Polyrhythmics at Wise Hall, Vancouver, May 12 2018. Celine Pinget photo.

Caldera strays from tradition

However, their 2017 album Caldera signaled a shift away from tradition. Everything still sounds funky as hell, but there’s a new freedom that shows the band evolving beyond their roots into something new and ferocious. Songs are suites with multiple parts. “Marshmallow Man”s impossibly funky first half morphs into a ferocious swampy stomper. Nine-minute opus “Au Jus” follows a similar trajectory, but ends with a spaced out boom-bap coda reminiscent of Portishead in their heyday. There’s a dash of Heliocentrics‘ cosmic jazz in “Goldie’s Road”, and single “Cactus Blossom” features an arpeggiated riff that would make Dr. Dre proud. Despite casting their net far and wide, Caldera is a consistently solid listen, interesting yet never fussy.

All nine members of the band looked like they were having a blast onstage. Their camaraderie was evident in the many small moments that played out. In an amazing spark of musical telepathy, keyboard player Nathan Spicer played a short glissando during sax/flute player Art Brown’s solo. It was a moment of improvisation meant to accent the solo, but somehow Brown answered with the exact same phrase on his horn right afterward. The hearty smile on Spicer’s face was priceless. It’s the kind of thing that can only happen when you’ve spent hours and hours playing together.

Another jaw-dropping moment featured drummer Grant Schroff and the percussionist (whom I assume is not their usual player Lalo Bello since there is zero resemblance) had the stage to themselves.

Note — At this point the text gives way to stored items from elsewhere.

definition compatible :: "('v \<Rightarrow> 'a) \<Rightarrow> ('v,'a) sysf \<Rightarrow> bool" where
  "compatible s F \<longleftrightarrow> (\<forall>V\<in>En F. s V = Fn F V (restrict s (PA F V)))"

definition SPairs :: "('v,'a) sig \<Rightarrow> (('v \<Rightarrow> 'a) \<times> ('v,'a) sysf) set" where
  "SPairs \<sigma> = {(s,F). s \<in> Asg \<sigma> \<and> F \<in> Sys \<sigma> \<and> compatible s F}"

type_synonym ('v,'a) team = "(('v \<Rightarrow> 'a) \<times> ('v,'a) sysf) set"

definition gteam :: "('v,'a) sig \<Rightarrow> ('v,'a) team \<Rightarrow> bool" where
  "gteam \<sigma> T \<longleftrightarrow> T \<subseteq> SPairs \<sigma>"

text \<open>A conjunction X1=x1 and ... and Xn=xn is represented by the list of pairs (Xi,xi).\<close>
definition consistent :: "('v \<times> 'a) list \<Rightarrow> bool" where
  "consistent xs \<longleftrightarrow> (\<forall>(X,x)\<in>set xs. \<forall>(X',x')\<in>set xs. X = X' \<longrightarrow> x = x')"

definition int_sys :: "('v \<times> 'a) list \<Rightarrow> ('v,'a) sysf \<Rightarrow> ('v,'a) sysf" where
  "int_sys xs F =
     (let E = En F - fst ` set xs in
      \<lparr> En = E,
        PA = (\<lambda>V. if V \<in> E then PA F V else {}),
        Fn = (\<lambda>V. if V \<in> E then Fn F V else (\<lambda>_. undefined)) \<rparr>)"

definition int_asg :: "('v \<times> 'a) list \<Rightarrow> ('v,'a) sysf \<Rightarrow> ('v \<Rightarrow> 'a) \<Rightarrow> ('v \<Rightarrow> 'a)" where
  "int_asg xs F s =
     (THE t. \<forall>V.
        (V \<in> fst ` set xs \<longrightarrow> t V = the (map_of xs V)) \<and>
        (V \<notin> fst ` set xs \<and> V \<notin> En F \<longrightarrow> t V = s V) \<and>
        (V \<notin> fst ` set xs \<and> V \<in> En F \<longrightarrow> t V = Fn F V (restrict t (PA F V))))"

definition int_team :: "('v \<times> 'a) list \<Rightarrow> ('v,'a) team \<Rightarrow> ('v,'a) team" where
  "int_team xs T = (\<lambda>(s,F). (int_asg xs F s, int_sys xs F)) ` T"

datatype ('v,'a) fml =
    Eq 'v 'a
  | Dep 'v
  | Neg "('v,'a) fml"
  | And "('v,'a) fml" "('v,'a) fml"
  | Or "('v,'a) fml" "('v,'a) fml"
  | Cf "('v \<times> 'a) list" "('v,'a) fml"
(* Let $f(z)=z+\sum_{k=2}^\infty b_kz^k\in\mathscr{S}^*_\wp$. Then $|H_3(1)|\le 0.150627$, where $H_3(1)=b_3(b_2b_4-b_3^2)-b_4(b_4-b_2b_3)+b_5(b_3-b_2^2)$.
   Context: $\mathbb{D}$ is the unit disk; $\mathcal{A}$ is the class of analytic $f$ on $\mathbb{D}$ with $f(0)=0,f'(0)=1$. $f\prec g$ means $f=g\circ\omega$ for analytic $\omega:\mathbb{D}\to\mathbb{D}$, $\omega(0)=0$. $\wp(z)=1+ze^z$, $\mathscr{S}^*_\wp=\{f\in\mathcal{A}:zf'(z)/f(z)\prec\wp(z)\}$. *)

theory Defs
  imports "HOL-Complex_Analysis.Complex_Analysis"
begin

definition wp :: "complex \<Rightarrow> complex" where
  "wp z = 1 + z * exp z"

definition subordinate :: "(complex \<Rightarrow> complex) \<Rightarrow> (complex \<Rightarrow> complex) \<Rightarrow> bool" where
  "subordinate g h \<longleftrightarrow>
     (\<exists>\<omega>. \<omega> holomorphic_on ball 0 1 \<and> \<omega> 0 = 0 \<and> \<omega> ` ball 0 1 \<subseteq> ball 0 1 \<and>
          (\<forall>z\<in>ball 0 1. g z = h (\<omega> z)))"

definition classA :: "(complex \<Rightarrow> complex) set" where
  "classA = {f. f holomorphic_on ball 0 1 \<and> f 0 = 0 \<and> deriv f 0 = 1}"

text \<open>The class S*_wp: z f'(z)/f(z) (extended by its limit value 1 at 0) is subordinate
  to wp; f is required to be nonzero on the punctured disk so that z f'/f is defined.\<close>
definition starlike_wp :: "(complex \<Rightarrow> complex) set" where
  "starlike_wp = {f. f \<in> classA \<and> (\<forall>z\<in>ball 0 1 - {0}. f z \<noteq> 0) \<and>
      subordinate (\<lambda>z. if z = 0 then 1 else z * deriv f z / f z) wp}"

definition taylor_coeff :: "(complex \<Rightarrow> complex) \<Rightarrow> nat \<Rightarrow> complex" where
  "taylor_coeff f k = (deriv ^^ k) f 0 / of_nat (fact k)"

end

theory Submission
  imports Defs
begin

text \<open>
  Write \<open>z f'(z)/f(z) = \<wp>(w(z))\<close> with a Schwarz function \<open>w(z) = \<Sum> c\<^sub>k z\<^sup>k\<close>. Comparing
  Taylor coefficients expresses \<open>b\<^sub>2, \<dots>, b\<^sub>5\<close> as polynomials in \<open>c\<^sub>1, \<dots>, c\<^sub>4\<close>, so \<open>H\<^sub>3(1)\<close>
  becomes an explicit polynomial of degree six in the \<open>c\<^sub>k\<close>. Since \<open>|w| \<le> 1\<close>, Parseval's
  inequality gives \<open>\<Sum> |c\<^sub>k|\<^sup>2 \<le> 1\<close>; we obtain it by sampling the Taylor polynomials of
  \<open>w(r z)\<close> at roots of unity. The triangle inequality then reduces the claim to a bound for a
  real polynomial in \<open>|c\<^sub>1|, \<dots>, |c\<^sub>4|\<close> on the unit ball, which follows termwise from AM-GM
  estimates and gives \<open>|H\<^sub>3(1)| \<le> 0.1506\<close>.
\<close>

text \<open>The weights are chosen so that all coefficients in the final estimate of
  \<open>hankel_polynomial_real_bound\<close> stay below \<open>0.1506\<close>.\<close>
lemma mult_le_on_simplex:
  fixes a b :: real
  assumes "0 \<le> a" "0 \<le> b" "a + b \<le> 1"
  shows "a * b \<le> 7/25 * a + 9/40 * b"
proof (cases "a \<le> 9/40")
  case True
  then have "0 \<le> b * (9/40 - a)" using assms by simp
  moreover have "b * (9/40 - a) = 9/40 * b - a * b" by algebra
  ultimately show ?thesis using assms by linarith
next
  case False
  then have "(1 - a) * (9/40 - a) \<le> b * (9/40 - a)"
    using assms by (intro mult_right_mono_neg) auto
  moreover have "0 \<le> (a - 189/400)^2" by simp
  moreover have "b * (9/40 - a) = 9/40 * b - a * b" by algebra
  moreover have "(1 - a) * (9/40 - a) = a * a - 49/40 * a + 9/40" by algebra
  moreover have "(a - 189/400)^2 = a * a - 189/200 * a + 35721/160000" by algebra
  ultimately show ?thesis by linarith
qed
lemma eventually_roots_close:
  assumes c: "0 < c" and \<delta>: "0 < \<delta>"
  shows "\<forall>\<^sub>F N in sequentially. \<forall>x. gamma_stat N x \<in> {c..1 - c} \<longrightarrow>
           \<bar>theta_MAP_rel_error a N x\<bar> < \<delta> \<and> \<bar>theta_2 a N x - 1\<bar> < \<delta>"
proof -
  have "\<forall>\<^sub>F N in sequentially. \<bar>(a - 1) / real N\<bar> < min (c\<^sup>2 / 16) (\<delta> * c\<^sup>2 / 20)"
    using tendstoD[OF lim_const_over_n[of "a - 1"], of "min (c\<^sup>2 / 16) (\<delta> * c\<^sup>2 / 20)"] c \<delta>
    by (simp add: dist_real_def)
  then show ?thesis
  proof eventually_elim
    case (elim N)
    define u where "u = (a - 1) / real N"
    have u: "\<bar>u\<bar> \<le> c\<^sup>2 / 16" and "\<bar>u\<bar> < \<delta> * c\<^sup>2 / 20"
      using elim by (simp_all add: u_def)
    then have "20 * \<bar>u\<bar> / c\<^sup>2 < \<delta>"
      using c by (simp add: field_simps)
    moreover have coefs: "alpha_coef a N = 1 - 4 * u" "beta_coef a N x = 1 - 2 * u + gamma_stat N x" for x
      by (simp_all add: alpha_coef_def beta_coef_def u_def)
    ultimately show ?case
      using quadratic_roots_perturbation[OF c _ _ u] c
      unfolding theta_MAP_rel_error_def theta_MAP_def theta_2_def coefs by fastforce
  qed
qed

theorem proposition2:
  fixes a :: real
  assumes "a > 0"
  shows "(\<exists>\<epsilon> :: nat \<Rightarrow> real \<times> (nat \<Rightarrow> real) \<Rightarrow> real.
            (\<forall>\<^sub>F N in sequentially. real N \<noteq> 4 * (a - 1) \<and>
               (\<forall>\<omega>\<in>space (joint_model a N).
                  theta_MAP a N (snd \<omega>) = gamma_stat N (snd \<omega>) * (1 + \<epsilon> N \<omega>))) \<and>
            (\<forall>\<delta>>0. (\<lambda>N. measure (joint_model a N)
                        {\<omega> \<in> space (joint_model a N). \<bar>\<epsilon> N \<omega>\<bar> < \<delta>}) \<longlonglongrightarrow> 1))
       \<and> (\<forall>\<delta>>0. (\<lambda>N. measure (joint_model a N)
                   {\<omega> \<in> space (joint_model a N). \<bar>theta_2 a N (snd \<omega>) - 1\<bar> < \<delta>}) \<longlonglongrightarrow> 1)"
proof -
  have "(\<lambda>N. measure (joint_model a N)
      {\<omega> \<in> space (joint_model a N). \<bar>theta_MAP_rel_error a N (snd \<omega>)\<bar> < \<delta>}) \<longlonglongrightarrow> 1"
    and "(\<lambda>N. measure (joint_model a N)
      {\<omega> \<in> space (joint_model a N). \<bar>theta_2 a N (snd \<omega>) - 1\<bar> < \<delta>}) \<longlonglongrightarrow> 1"
    if "0 < \<delta>" for \<delta>
    using assms
    by (rule tendsto_measure_joint_model_1, measurable,
        auto elim!: eventually_mono[OF eventually_roots_close[OF _ that]])+
  then show ?thesis
    using eventually_theta_MAP_eq[of a]
    by (intro conjI exI[of _ "\<lambda>N \<omega>. theta_MAP_rel_error a N (snd \<omega>)"]) (auto elim: eventually_mono)
qed

end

The two complemented each other’s playing perfectly, each making pockets for the other to play in.

Speaking of chops, it deserves mentioning that each band member is a master of his instrument. Trombonist Elijah Clark and trumpeter Scott Morning rounded out the horn section who doled out licks with a sniper’s precision. Bassist Jason Gray lay down the anchor lines, giving plenty of scaffolding for guitarist Ben Bloom to work his magic on.

Polyrhythmics at Wise Hall, Vancouver, May 12 2018. Celine Pinget photo.

Polyrhythmics at Wise Hall, Vancouver, May 12 2018. Celine Pinget photo.

Tears for Fears gets a funk makeover

Their set consisted of mostly cuts from Caldera, although it was good to hear “Pupusa Strut” from their 2013 album Libra Stripes. My personal highlight was a cover of Tears For Fears’ classic “Everybody Wants to Rule the World”. I never thought of the 80s hit as funky, but after hearing it served a la Polyrhythmics I am a convert. Another example of the broader horizons the band has opened up to I guess.

Despite playing for a good 90 minutes, their set felt way too short. My legs felt like jelly but I wanted more. The only consolation is that Vancouver’s proximity to Seattle means that hopefully, they’ll be back soon.

Opening for Polyrhythmics was Coco Jafro. Vancouver-based but boasting members from all over the globe, the septet are purveyors of their own brand of groove that exists at the intersection of funk, soul and acid jazz. Lead singer Karina Morin has a powerful, emotive voice that plays well off guitarist Amine Said‘s North African inflected playing. They started their set while people were still trickling into the venue, but by the time they finished only the old and tired were in their seats. The group is playing a bunch of shows throughout summer 2018 so if you like to get down, check out their schedule.